Эстер Линкольн, не поднимая глаз, упрямо и твердо проговорила:
— Я
Доктор Темпл перестал улыбаться.
— Вернешься? — крикнул он. — Ты с ума сошла, Эстер? После всего случившегося…
Она сбросила с плеч его пиджак, солнце сверкнуло на смуглых плечах, глаза девушки точно так же сверкнули.

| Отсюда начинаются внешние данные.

definition DS :: "nat \<Rightarrow> nat \<Rightarrow> nat \<Rightarrow> real \<Rightarrow> real \<Rightarrow> real \<Rightarrow> real mat" where
  "DS nx ny nz dx dy dz = bdiag
     [(dy*dz) \<cdot>\<^sub>m kron3 (Itil (nz+1)) (Itil (ny+1)) (Id nx),
      (dx*dz) \<cdot>\<^sub>m kron3 (Itil (nz+1)) (Id ny) (Itil (nx+1)),
      (dx*dy) \<cdot>\<^sub>m kron3 (Id nz) (Itil (ny+1)) (Itil (nx+1))]"

definition Dl :: "nat \<Rightarrow> nat \<Rightarrow> nat \<Rightarrow> real \<Rightarrow> real \<Rightarrow> real \<Rightarrow> real mat" where
  "Dl nx ny nz dx dy dz = bdiag
     [dx \<cdot>\<^sub>m Id (nx*(ny+1)*(nz+1)), dy \<cdot>\<^sub>m Id ((nx+1)*ny*(nz+1)), dz \<cdot>\<^sub>m Id ((nx+1)*(ny+1)*nz)]"

definition DU :: "real vec \<Rightarrow> real mat" where
  "DU U = mat_diag (dim_vec U) (\<lambda>i. U $ i)"

definition Hmat :: "real \<Rightarrow> real \<Rightarrow> nat \<Rightarrow> nat \<Rightarrow> nat \<Rightarrow> real \<Rightarrow> real \<Rightarrow> real \<Rightarrow> real vec \<Rightarrow> real mat" where
  "Hmat hbar m nx ny nz dx dy dz U =
     (hbar^2 / (2*m)) \<cdot>\<^sub>m (Dmat nx ny nz * DS nx ny nz dx dy dz * diag_inv (Dl nx ny nz dx dy dz)
        * transpose_mat (Dmat nx ny nz))
     + DV nx ny nz dx dy dz * DU U"

definition Pmat :: "real \<Rightarrow> real \<Rightarrow> real \<Rightarrow> nat \<Rightarrow> nat \<Rightarrow> nat \<Rightarrow> real \<Rightarrow> real \<Rightarrow> real \<Rightarrow> real vec \<Rightarrow> real mat" where
  "Pmat hbar m dt nx ny nz dx dy dz U =
     (let V = DV nx ny nz dx dy dz; K = (- dt / (2*hbar)) \<cdot>\<^sub>m Hmat hbar m nx ny nz dx dy dz U
      in four_block_mat V K K V)"

definition Lmat :: "nat \<Rightarrow> nat \<Rightarrow> nat \<Rightarrow> real mat" where
  "Lmat nx ny nz = hcat (kron3 (Id (nz+1)) (Id (ny+1)) (evec 1 (nx+1)))
     (hcat (kron3 (Id (nz+1)) (Id (ny+1)) (evec (nx+1) (nx+1)))
     (hcat (kron3 (Id (nz+1)) (evec 1 (ny+1)) (Id (nx+1)))
     (hcat (kron3 (Id (nz+1)) (evec (ny+1) (ny+1)) (Id (nx+1)))
     (hcat (kron3 (evec 1 (nz+1)) (Id (ny+1)) (Id (nx+1)))
           (kron3 (evec (nz+1) (nz+1)) (Id (ny+1)) (Id (nx+1)))))))"

definition Mbnd :: "nat \<Rightarrow> nat \<Rightarrow> nat \<Rightarrow> nat" where
  "Mbnd nx ny nz = dim_col (Lmat nx ny nz)"

definition Dn :: "nat \<Rightarrow> nat \<Rightarrow> nat \<Rightarrow> real mat" where
  "Dn nx ny nz = bdiag
     [- Id ((ny+1)*(nz+1)), Id ((ny+1)*(nz+1)),
      - Id ((nx+1)*(nz+1)), Id ((nx+1)*(nz+1)),
      - Id ((nx+1)*(ny+1)), Id ((nx+1)*(ny+1))]"
lemma triangle_from_B:
  assumes x: "x \<in> B" and y: "y \<in> B \<union> C" and z: "z \<in> B \<union> C"
  shows "d x z \<le> d x y + d y z"
proof -
  note tri_B = ext_metric_triangle[OF ext_metric_B] and tri_C = ext_metric_triangle[OF ext_metric_C]
  consider "y \<in> B" "z \<in> B" | "y \<in> B" "z \<in> C" | "y \<in> C" "z \<in> C" | "y \<in> C" "z \<in> B"
    using y z by blast
  then show ?thesis
  proof cases
    case 1
    then show ?thesis using tri_B[OF x] by blast
  next
    case 2
    have "d x z \<le> d x y + (d y a + d a z)" if a: "a \<in> B \<inter> C" for a
      using dist_le_via_A[OF x 2(2) a] tri_B[OF x 2(1), of a] a
      by (metis add.assoc add_right_mono IntD1 order_trans)
    then have "d x z \<le> d x y + (INF a\<in>B \<inter> C. d y a + d a z)"
      unfolding INF_ennreal_const_add_on[symmetric] by (rule INF_greatest)
    then show ?thesis using cross[OF 2] by simp
  next
    case 3
    have "d x z \<le> (d x a + d a y) + d y z" if a: "a \<in> B \<inter> C" for a
      using dist_le_via_A[OF x 3(2) a] tri_C[OF _ 3, of a] a
      by (metis add.assoc add_left_mono IntD2 order_trans)
    then have "d x z \<le> (INF a\<in>B \<inter> C. d x a + d a y) + d y z"
      unfolding INF_ennreal_add_const_on[symmetric] by (rule INF_greatest)
    then show ?thesis using cross[OF x 3(1)] by simp
  next
    case 4
    have "d x z \<le> (INF a\<in>B \<inter> C. d x a + d a y) + (INF a\<in>B \<inter> C. d y a + d a z)"
    proof (rule le_INF_add_INF)
      fix a a' assume a: "a \<in> B \<inter> C" and a': "a' \<in> B \<inter> C"
      have "d x z \<le> d x a + d a z" using tri_B[OF x _ 4(2)] a by blast
      also have "d a z \<le> d a a' + d a' z" using tri_B[OF _ _ 4(2)] a a' by blast
      also have "d a a' \<le> d a y + d y a'" using tri_C[OF _ 4(1)] a a' by blast
      finally show "d x z \<le> d x a + d a y + (d y a' + d a' z)"
        by (simp add: add.assoc add_right_mono add_left_mono)
    qed
    also have "\<dots> = d x y + d y z" using cross[OF x 4(1)] cross_from_C[OF 4] by simp
    finally show ?thesis .
  qed
qed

— Не хочу, чтобы вы, доктор Темпл, или кто-то другой диктовал, что мне делать! Вернусь, и вы меня не остановите.
Воэн беспомощно посмотрел на Айшема, Айшем сдерживал безмолвную ярость.
— Ну ладно, — протянул Эллери. — Поехали назад все вместе. По-моему, будет довольно забавно.
Катер снова побежал по водам бухты Кетчема и на сей раз без приключений добрался до маленького причала. Когда стали высаживаться, Эстер угрюмо отвергла помощь, и все ошеломленно вытаращили глаза при появлении какого-то призрака.
Это был неопрятный старичок с каштановой бородкой, с глазами фанатика, завернутый в чисто- белую тогу, обутый в необычные сандалии. В правой руке он держал палку с причудливой грубой резьбой, увенчанной неумелым изображением змеи.
Старик вышел из зарослей, выпятив костлявую грудь, высокомерно глядя на прибывших.
За ним высился голый пловец, только теперь на нем были полотняные штаны и простая рубашка. Загорелые ноги оставались голыми.
Две компании минуту смотрели друг на друга, потом Эллери с жаром воскликнул:
— Ба, да это же сам Харахт!
Профессор Ярдли усмехнулся в бороду.
Маленький призрак с изумлением перевел взгляд на Эллери. Но в мерцающих глазках не было никаких признаков, что он его узнал.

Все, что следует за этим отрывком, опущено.